Going to get personal for this one. I doubt too many people involved will read it and even if they do, I doubt they’ll bother refuting me.
I was the manager of my college baseball team, beginning in my sophomore year. I wanted to be a player, of course, but fate dictated otherwise.
For the next three seasons I kept the books, schlepped and mended equipment, and generally took a back seat to the “real athletes.” I wouldn’t say I was treated poorly, not at all; but I don’t think I was ever considered one of the boys. I was always on the outside looking in. (One year when we were in Florida for spring training, the team took off for dinner without me. They probably wouldn’t have noticed if I hadn’t called the restaurant to tell them so they wouldn’t be looking for me when it was time to return to the motel.)
Forty years later, thanks to Facebook, I was able to find three or four of the guys. FB is a great nostalgia machine. And nostalgia can fog, making one think of experiences in a manner not quite true. That’s a problem of memory as well.

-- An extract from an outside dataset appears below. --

(* Fix one of the two variants $\sharp\in\{\text{lumped},\text{exact}\}$ described in the context, let $\vec X^m\in\underline V^h_{\partial_0}$ satisfy assumption $(\mathfrak A)$, and let $\Delta t_m>0$. (i) If $(\delta\vec X^{m+1},\kappa^{m+1})\in\underline V^h_\partial\times W_\sharp$ satisfies, with $\vec X^{m+1}=\vec X^m+\delta\vec X^{m+1}$, $$\Big(\vec X^m\cdot\vec e_1\,\tfrac{\vec X^{m+1}-\vec X^m}{\Delta t_m},\chi\,\vec\nu^m|\vec X^m_\rho|\Big)_\sharp=\Big(\vec X^m\cdot\vec e_1\,\kappa^{m+1},\chi|\vec X^m_\rho|\Big)_\sharp\quad\forall\chi\in W_\sharp,$$ $$\Big(\vec X^m\cdot\vec e_1\,\kappa^{m+1}\vec\nu^m,\vec\eta\,|\vec X^m_\rho|\Big)_\sharp+\big(\vec\eta\cdot\vec e_1,|\vec X^{m+1}_\rho|\big)+\Big((\vec X^m\cdot\vec e_1)\vec X^{m+1}_\rho,\vec\eta_\rho|\vec X^m_\rho|^{-1}\Big)=B^m(\vec\eta)\quad\forall\vec\eta\in\underline V^h_\partial,$$ then $E(\vec X^{m+1})+2\pi\Delta t_m\big(\vec X^m\cdot\vec e_1\,|\kappa^{m+1}|^2,|\vec X^m_\rho|\big)_\sharp\le E(\vec X^m)$. (ii) If $(\delta\vec X^{m+1},\vec\kappa^{m+1})\in\underline V^h_\partial\times[W_\sharp]^2$ satisfies, with $\vec X^{m+1}=\vec X^m+\delta\vec X^{m+1}$, $$\Big(\vec X^m\cdot\vec e_1\,\tfrac{\vec X^{m+1}-\vec X^m}{\Delta t_m},\vec\chi\,|\vec X^m_\rho|\Big)_\sharp=\Big((\vec X^m\cdot\vec e_1)\vec\kappa^{m+1},\vec\chi|\vec X^m_\rho|\Big)_\sharp\quad\forall\vec\chi\in[W_\sharp]^2,$$ $$\Big((\vec X^m\cdot\vec e_1)\vec\kappa^{m+1},\vec\eta\,|\vec X^m_\rho|\Big)_\sharp+\big(\vec\eta\cdot\vec e_1,|\vec X^{m+1}_\rho|\big)+\Big((\vec X^m\cdot\vec e_1)\vec X^{m+1}_\rho,\vec\eta_\rho|\vec X^m_\rho|^{-1}\Big)=B^m(\vec\eta)\quad\forall\vec\eta\in\underline V^h_\partial,$$ then $E(\vec X^{m+1})+2\pi\Delta t_m\big(\vec X^m\cdot\vec e_1\,|\vec\kappa^{m+1}|^2,|\vec X^m_\rho|\big)_\sharp\le E(\vec X^m)$.
   Context: Setup. $\vec e_1=(1,0)^T$, $\vec e_2=(0,1)^T$; "$\cdot$" is the Euclidean inner product; $[r]_+=\max\{r,0\}$, $[r]_-=-\max\{-r,0\}$. $I$ is either the periodic interval $\mathbb R/\mathbb Z$ (with $\partial I=\emptyset$) or $I=(0,1)$ (with $\partial I=\{0,1\}$). $\partial I=\partial_DI\cup\partial_0I\cup\partial_1I\cup\partial_2I$ is a given disjoint partition, and $\widehat\varrho^{(p)}\in\mathbb R$, $p\in\{0,1\}$, are given constants with $|\widehat\varrho^{(p)}|\le1$. Let $J\ge3$, $h=1/J$, $q_j=jh$ ($j=0,\dots,J$; $q_0=q_J$ identified in the periodic case). $V^h$ is the space of continuous functions on $\overline I$ (periodic if $I=\mathbb R/\mathbb Z$) that are affine on each $[q_{j-1},q_j]$; $\underline V^h=[V^h]^2$; $\underline V^h_{\partial_0}=\{\vec\eta\in\underline V^h:\vec\eta(\rho)\cdot\vec e_1=0\ \forall\rho\in\partial_0I\}$; $\underline V^h_\partial=\{\vec\eta\in\underline V^h_{\partial_0}:\vec\eta(\rho)\cdot\vec e_i=0\ \forall\rho\in\partial_iI,\ i=1,2;\ \vec\eta(\rho)=\vec0\ \forall\rho\in\partial_DI\}$; $W^h_{\partial_0}=\{\chi\in V^h:\chi(\rho)=0\ \forall\rho\in\partial_0I\}$. $(\cdot,\cdot)$ is the $L^2(I)$ inner product (with dot product for vector functions), and for piecewise continuous $f,g$ the mass-lumped product is $(f,g)^h=\tfrac h2\sum_{j=1}^J[(fg)(q_j^-)+(fg)(q_{j-1}^+)]$. Two variants: in the "lumped" variant $(\cdot,\cdot)_\sharp=(\cdot,\cdot)^h$ and $W_\sharp=W^h_{\partial_0}$; in the "exact" variant $(\cdot,\cdot)_\sharp=(\cdot,\cdot)$ and $W_\sharp=V^h$. For $\vec X^m$ with $|\vec X^m_\rho|>0$ a.e., $\vec\nu^m=-[\vec X^m_\rho]^\perp/|\vec X^m_\rho|$ with $(a,b)^\perp=(b,-a)$. Assumption $(\mathfrak A)$: $|\vec X^m_\rho|>0$ a.e. on $I$ and $\vec X^m(\rho)\cdot\vec e_1>0$ for all $\rho\in\overline I\setminus\partial_0I$. The boundary functional is $B^m(\vec\eta)=-\sum_{p\in\partial_1I}\widehat\varrho^{(p)}(\vec X^m(p)\cdot\vec e_1)\vec\eta(p)\cdot\vec e_2-\sum_{p\in\partial_2I}\big(([\widehat\varrho^{(p)}]_+\vec X^{m+1}(p)+[\widehat\varrho^{(p)}]_-\vec X^m(p))\cdot\vec e_1\big)\vec\eta(p)\cdot\vec e_1$. The discrete energy of $\vec X\in\underline V^h$ is $E(\vec X)=2\pi(\vec X\cdot\vec e_1,|\vec X_\rho|)+2\pi\sum_{p\in\partial_1I}\widehat\varrho^{(p)}(\vec X(p)\cdot\vec e_1)(\vec X(p)\cdot\vec e_2)+\pi\sum_{p\in\partial_2I}\widehat\varrho^{(p)}(\vec X(p)\cdot\vec e_1)^2$. *)

theory Defs
  imports "HOL-Analysis.Analysis"
begin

Several of the guys get together once in a while and I was invited to the latest gathering held at an Italian restaurant in Brooklyn. Because I don’t like driving at night, that meant taking a bus into Manhattan and a subway from there to the outskirts of Brooklyn, followed by a short walk. That adds up to about 90 minutes to two hours, depending on traffic. All to hang out with a few guys who I haven’t heard from since the late 70s. In fact, most of the players and coaches who go to these things were “before my time,” so I don’t know them at all.
I really did not want to go but my wife insisted, thinking it would good for me to get out of the house since I’ve basically been a hermit since I was laid off by the paper in mid-September. So I finally relented.
In retrospect, it was a mistake.
I’ll admit, it was interesting and even fun to see some of them.I think it was the shock factor of not having been seen in all that time. That lasted about 10 minutes. Then it was exactly the same as back in the day: standing on the outside looking in.
So I left quietly, without saying anything to anyone. I figured maybe someone would notice and as, “What happened to Ron? Where did he disappear?” But that would be forgotten within a day or two, if that long.
That might not have been the most mature thing to do, but I didn’t see the point of sticking around.
Sometimes nostalgia isn’t all it’s cracked up to be.